The assault on unions is not limited to right-to-work laws. In 2011 Governor Scott Walker of Wisconsin helped pass a law limiting the ability of public-sector unions to collectively bargain, leading to weeks of protests in Madison (in 2015 Walker signed a law making Wisconsin a right-to-work state, despite earlier opposing such a law). Similar laws have been passed in states such as Indiana and Ohio.

Since Walker’s exit from the 2016 presidential campaign, Florida Senator Marco Rubio has quietly replaced him as the national champion of anti-unionism. In a section of his campaign web site perversely titled “Helping Workers in a New American Economy,” Rubio outlines a number of policies hostile to unions and workers’ rights. Besides advocating for right-to-work laws, Rubio also proposes the reform of the National Labor Relations Board, likely referring to a bill proposed by Senators Lamar Alexander and Mitch McConnell in 2014 which would increase the number of board members from five to six, including three from each party. Although the stated intent of the bill is to “change the NLRB from an advocate [of labor] to an umpire,” the real effect would be a board unable to fulfill its mandated function of protecting workers’ rights as a result of gridlock.

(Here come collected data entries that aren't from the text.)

theorem lemma2p3p2:
  fixes sc :: "complex \<Rightarrow> 'b::ab_group_add \<Rightarrow> 'b" and br :: "'b \<Rightarrow> 'b \<Rightarrow> 'b"
    and t :: "'b set" and R :: "('b \<Rightarrow> complex) set"
    and se1 :: "complex \<Rightarrow> 'e1::ab_group_add \<Rightarrow> 'e1" and rho1 :: "'b \<Rightarrow> 'e1 \<Rightarrow> 'e1"
    and se2 :: "complex \<Rightarrow> 'e2::ab_group_add \<Rightarrow> 'e2" and rho2 :: "'b \<Rightarrow> 'e2 \<Rightarrow> 'e2"
    and se3 :: "complex \<Rightarrow> 'e3::ab_group_add \<Rightarrow> 'e3" and rho3 :: "'b \<Rightarrow> 'e3 \<Rightarrow> 'e3"
    and f :: "'e1 \<Rightarrow> 'e2" and g :: "'e2 \<Rightarrow> 'e3"
  assumes lie: "lie_algebra sc br"
    and bI: "borel_type sc br t R"
    and M1: "lie_module sc br se1 rho1" and W1: "weight_module se1 rho1 t"
    and M2: "lie_module sc br se2 rho2" and W2: "weight_module se2 rho2 t"
    and M3: "lie_module sc br se3 rho3" and W3: "weight_module se3 rho3 t"
    and hf: "lie_module_hom se1 rho1 se2 rho2 f"
    and hg: "lie_module_hom se2 rho2 se3 rho3 g"
    and f_inj: "inj f"
    and exact: "range f = {v. g v = 0}"
    and g_surj: "surj g"
    and no_weight: "\<And>lam. is_weight se1 rho1 t lam \<Longrightarrow>
                      \<not> (\<exists>alpha\<in>insert (\<lambda>_. 0) R. eq_on t lam alpha)"
  shows "bij_betw g (invariants rho2) (invariants rho3)"
proof -
  have trivial: "u = 0" if "alpha \<in> insert (\<lambda>_. 0) R" and "u \<in> weight_space se1 rho1 t alpha"
    for alpha u
    using no_weight[of alpha] that by (auto simp: is_weight_def eq_on_def)
  then have "invariants rho1 \<subseteq> {0}"
    using invariants_subset_zero_weight_space[OF lie_moduleD(1)[OF M1]] by blast
  then have "inj_on g (invariants rho2)"
    by (rule inj_on_invariants[OF M2 hf hg f_inj exact])
  moreover have "g ` invariants rho2 = invariants rho3"
    using invariants_image_subset[OF hg]
      invariants_subset_image[OF lie bI M2 W2 M3 hf hg f_inj exact g_surj] trivial by blast
  ultimately show ?thesis
    by (simp add: bij_betw_def)
qed

end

Rubio also vows to reverse the NLRB’s 2015 decision to treat companies that use temp agencies or franchises as “joint employers” of workers, making them subject to collective bargaining agreements with unions. Rubio argues that the decision will harm franchise businesses, but it enhances workers’ right to contest working conditions over which the franchisees have no control. Finally, Rubio proposes to nurture the so-called “sharing economy,” exemplified by companies such as Uber, TaskRabbit, and Instacart, which promote convenience for the customer often at the expense of exploiting workers.

Given these looming threats to workers’ rights, it is surprising that so little attention has been given to the issue in the 2016 campaign. Even the avowedly democratic socialist Bernie Sanders has said little about protecting workers’ rights, instead focusing his attacks on Wall Street financiers.

If human work is “the essential key to the social question,” then Catholics ought to resist this silence. We should push our politicians to more openly advocate for unions and workers’ rights. We should make the case for unions, both appealing to our own tradition of labor activism and to evidence-based arguments that can appeal to our neighbors.

Catholic teaching insists that work is not a mere commodity, but a truly human activity. This means that workers cannot be treated as cogs, but rather should be provided with decent wages, fair scheduling, and the right to unionize and collectively bargain. For work to be truly human, workers should be able to participate in some way in the management of the enterprise.

The suppression of unions has also contributed to our precarious economic situation. By limiting workers’ purchasing power, the weakening of unions has led to a decrease in investments in the “real economy” of manufactured and consumer goods and the increasing “financialization” of the economy through investment in inherently speculative financial markets. This financialization of the economy then leads to periodic bubbles and bursts, most recently experienced in the financial crisis of 2007-8. Greater respect for workers’ rights, and greater worker participation in economic decision-making, would, as Catholic social teaching has always insisted, lead to more sustainable forms of economic growth that benefit working families, not just those at the top.